GOAL OF THE EXERCISE: Two lines mark the range in the entries below: the one holding "by (simp add: norm_matrix_squared" and the one holding "(x::real^'m^'n)) = norm". Set down those two and all lines between them, exactly.

EXTRACTED INFORMATION:
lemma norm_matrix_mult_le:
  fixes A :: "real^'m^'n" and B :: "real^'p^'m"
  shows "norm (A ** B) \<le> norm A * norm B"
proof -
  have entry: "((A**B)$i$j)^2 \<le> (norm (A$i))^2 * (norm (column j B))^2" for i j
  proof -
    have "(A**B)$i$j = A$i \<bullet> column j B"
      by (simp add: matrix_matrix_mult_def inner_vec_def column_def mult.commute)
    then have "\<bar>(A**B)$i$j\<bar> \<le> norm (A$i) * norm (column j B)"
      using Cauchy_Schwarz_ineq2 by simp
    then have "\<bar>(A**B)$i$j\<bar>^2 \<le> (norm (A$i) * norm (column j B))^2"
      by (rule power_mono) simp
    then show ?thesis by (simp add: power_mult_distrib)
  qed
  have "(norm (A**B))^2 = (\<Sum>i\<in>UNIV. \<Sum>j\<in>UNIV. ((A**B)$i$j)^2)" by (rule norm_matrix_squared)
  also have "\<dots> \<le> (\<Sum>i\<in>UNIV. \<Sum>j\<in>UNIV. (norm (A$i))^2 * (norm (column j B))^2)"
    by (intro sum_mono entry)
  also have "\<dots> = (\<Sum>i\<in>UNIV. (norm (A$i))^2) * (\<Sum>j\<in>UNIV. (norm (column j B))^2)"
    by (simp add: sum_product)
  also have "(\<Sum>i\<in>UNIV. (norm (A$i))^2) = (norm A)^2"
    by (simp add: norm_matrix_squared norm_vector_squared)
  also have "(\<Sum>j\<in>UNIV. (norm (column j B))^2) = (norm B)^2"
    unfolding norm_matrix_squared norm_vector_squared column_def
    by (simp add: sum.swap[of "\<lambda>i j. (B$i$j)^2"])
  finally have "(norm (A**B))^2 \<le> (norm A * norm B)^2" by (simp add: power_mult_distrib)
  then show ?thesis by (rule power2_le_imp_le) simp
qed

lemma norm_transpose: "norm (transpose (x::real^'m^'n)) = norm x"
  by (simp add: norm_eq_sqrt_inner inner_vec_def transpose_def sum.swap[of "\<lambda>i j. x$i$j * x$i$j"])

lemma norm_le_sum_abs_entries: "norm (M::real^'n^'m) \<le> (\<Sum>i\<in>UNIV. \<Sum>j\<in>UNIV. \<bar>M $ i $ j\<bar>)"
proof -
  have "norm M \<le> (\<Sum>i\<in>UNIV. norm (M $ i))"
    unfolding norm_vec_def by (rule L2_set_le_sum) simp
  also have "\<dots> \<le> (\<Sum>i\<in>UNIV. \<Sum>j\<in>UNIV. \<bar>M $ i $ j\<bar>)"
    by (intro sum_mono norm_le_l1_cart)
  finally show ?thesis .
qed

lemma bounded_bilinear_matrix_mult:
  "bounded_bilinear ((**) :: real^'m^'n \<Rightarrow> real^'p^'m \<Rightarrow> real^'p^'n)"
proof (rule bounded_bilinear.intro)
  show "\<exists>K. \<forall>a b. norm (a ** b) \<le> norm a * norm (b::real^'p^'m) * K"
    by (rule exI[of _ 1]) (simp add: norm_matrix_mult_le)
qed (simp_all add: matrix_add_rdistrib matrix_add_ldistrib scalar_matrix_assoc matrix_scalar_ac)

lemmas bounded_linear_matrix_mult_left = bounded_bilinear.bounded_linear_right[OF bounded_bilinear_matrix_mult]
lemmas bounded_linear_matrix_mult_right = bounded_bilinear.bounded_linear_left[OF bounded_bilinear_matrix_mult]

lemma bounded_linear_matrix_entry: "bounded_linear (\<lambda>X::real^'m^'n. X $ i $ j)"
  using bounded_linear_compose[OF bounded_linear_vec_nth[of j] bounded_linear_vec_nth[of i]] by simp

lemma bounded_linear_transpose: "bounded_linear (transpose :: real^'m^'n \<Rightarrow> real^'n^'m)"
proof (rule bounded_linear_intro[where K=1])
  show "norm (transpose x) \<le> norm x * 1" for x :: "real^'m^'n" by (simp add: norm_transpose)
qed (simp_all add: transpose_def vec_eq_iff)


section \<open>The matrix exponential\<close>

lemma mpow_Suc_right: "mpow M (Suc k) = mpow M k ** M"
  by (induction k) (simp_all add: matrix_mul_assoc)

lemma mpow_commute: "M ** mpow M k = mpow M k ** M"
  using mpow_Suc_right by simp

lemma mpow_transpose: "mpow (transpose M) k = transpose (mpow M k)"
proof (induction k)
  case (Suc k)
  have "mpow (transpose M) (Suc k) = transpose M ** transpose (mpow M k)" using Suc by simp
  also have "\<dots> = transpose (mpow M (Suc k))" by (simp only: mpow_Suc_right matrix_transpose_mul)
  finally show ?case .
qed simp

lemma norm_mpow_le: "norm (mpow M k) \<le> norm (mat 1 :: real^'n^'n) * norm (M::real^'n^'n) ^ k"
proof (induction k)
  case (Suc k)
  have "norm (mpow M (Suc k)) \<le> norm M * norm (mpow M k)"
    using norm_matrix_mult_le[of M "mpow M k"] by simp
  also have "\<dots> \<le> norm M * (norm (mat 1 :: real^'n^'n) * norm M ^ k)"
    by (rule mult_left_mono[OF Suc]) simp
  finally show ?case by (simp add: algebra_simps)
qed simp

SOLUTION TO THE PROBLEM:
    by (simp add: norm_matrix_squared norm_vector_squared)
  also have "(\<Sum>j\<in>UNIV. (norm (column j B))^2) = (norm B)^2"
    unfolding norm_matrix_squared norm_vector_squared column_def
    by (simp add: sum.swap[of "\<lambda>i j. (B$i$j)^2"])
  finally have "(norm (A**B))^2 \<le> (norm A * norm B)^2" by (simp add: power_mult_distrib)
  then show ?thesis by (rule power2_le_imp_le) simp
qed

lemma norm_transpose: "norm (transpose (x::real^'m^'n)) = norm x"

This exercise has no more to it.